- Born: 1953 (age 72–73)
- Education: University of Illinois, Urbana-Champaign (BS, MS, PhD)
- Known for: The 10,000 Year Explosion
- Scientific career
- Fields: Physics, anthropology
- Institutions: University of Utah

= Gregory Cochran =

American scientist and author

Gregory M. Cochran (born 1953) is an American physicist, anthropologist and author who argues that cultural innovation resulted in new and constantly shifting selection pressures for genetic change, thereby accelerating human evolution and divergence between human races. From 2004 to 2015, he was a research associate at the anthropology department at the University of Utah. He is co-author of the book The 10,000 Year Explosion.

== Education and career ==
Cochran has a PhD in physics. According to The Atlantic, he made a living working on "advanced optical systems" for devices and weapons.

Between 2004 and 2015, he was a research associate at the anthropology department at the University of Utah.

== Human evolution ==
In opposition to what he sees as the conventional wisdom that civilization has been a static environment which imposed stabilizing selection on humans, Cochran, along with like-minded anthropologists such as John D. Hawks, contends that haplotype and other data indicate the selection of genes has been strongest since the advent of farming and civilization.

=== Ashkenazi Jewish intelligence ===

Cochran and co-authors Jason Hardy and Henry Harpending suggest that the high average IQ of Ashkenazi Jews may be attributed to natural selection for intelligence during the Middle Ages and a low rate of genetic inflow. Cochran and his colleagues hypothesize that the occupational profile of the Jewish community in medieval Europe had resulted in selection pressure for mutations that increase intelligence, but can also result in hereditary neurological disorders. Cochran was featured in an episode of the Norwegian television show Hjernevask ("Brainwash") in which he discusses race and intelligence, using Ashkenazi intelligence as compared to the rest of the Israeli Jewish population as an example of differences between groups.

=== Pathogenic infections as a cause of disease ===
In 2000, Cochran and evolutionary biologist Paul W. Ewald co-authored a paper in which they proposed that most human diseases were the result of pathogenic infections (viruses, bacteria, parasites). They argue that most fitness-reducing diseases would be eliminated through natural selection, but since germs can evolve faster than humans, they are a likely culprit. Cochran and Ewald point to stomach ulcers, which were once thought to be caused by a variety of environmental factors such as smoking, diet and drugs, but were later attributed to bacteria.

==== Pathogenic hypothesis of homosexuality ====

Cochran has argued that male homosexuality is caused by an unknown pathogen because it reduces or eliminates reproductive output. He argues it is unlikely to be explained by many popular theories, because natural selection should quickly eliminate an evolutionarily disadvantageous trait. He does not suggest that the infectious agent that causes homosexuality is necessarily spread by homosexuals. One suggestion is that a widespread virus which infects everybody on the planet, only causes homosexuality in a few percent of people.

In 1999, journalist Caleb Crain published an article in the gay magazine Out in which he spoke with Cochran and several sexual orientation researchers about the hypothesis. Geneticist Dean Hamer, who had researched the genetics of homosexuality, called it "a very interesting idea" which would need to be tested by experimentation, but he was skeptical as homosexuality doesn't appear in clusters. J. Michael Bailey wanted to see evidence, but gave Cochran the "benefit of the doubt". Elaine F. Walker, who researched a pathogenic cause of schizophrenia during pregnancy, did not find it plausible.

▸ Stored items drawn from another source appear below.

text \<open>For a quasiconcave classical entropy the maximal extension of a channel is simply the
  least entropy of its output columns.  Every column is reachable from the channel by
  preprocessing with a deterministic input, which gives one inequality.  Conversely, a
  vector majorized by the channel is a convex combination (weights from the preprocessing)
  of images of padded columns under doubly stochastic matrices; each such image is
  majorized by its column, so by Schur concavity and quasiconcavity its entropy is at
  least the minimum over columns.  Since the columns of the tensor product channel are the
  tensor products of columns, additivity of the entropy then makes the minima add.\<close>

lemma sum_list_map_upt_zero: "sum_list (map f [0..<n]) = (\<Sum>i<n. f i)"
  by (simp add: interv_sum_list_conv_sum_set_nat atLeast0LessThan)

lemma sum_list_map_conv_sum_nth: "sum_list (map f xs) = (\<Sum>j<length xs. f (xs ! j))"
  by (simp add: sum_list_sum_nth atLeast0LessThan)

lemma sum_list_map_rev_sort:
  fixes f :: "'a::linorder \<Rightarrow> 'b::comm_monoid_add"
  shows "sum_list (map f (rev (sort xs))) = sum_list (map f xs)"
  by (simp only: sum_mset_sum_list[symmetric] mset_map mset_rev mset_sort)

lemma rev_sort_nth_antimono:
  assumes "i \<le> j" "j < length (xs :: 'a::linorder list)"
  shows "rev (sort xs) ! j \<le> rev (sort xs) ! i"
  using assms by (simp add: rev_nth) (rule sorted_nth_mono[OF sorted_sort], auto)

It remains unclear what causes male homosexuality, although there is better evidence to support non-social mechanisms. The dominant hypothesis in the scientific literature is that male homosexuality may be a result of organisational effects of sex hormones on the brain during fetal development. Male homosexuality is often preceded by gender nonconforming behavior in early childhood, which according to Bailey, is "often evident by age 2".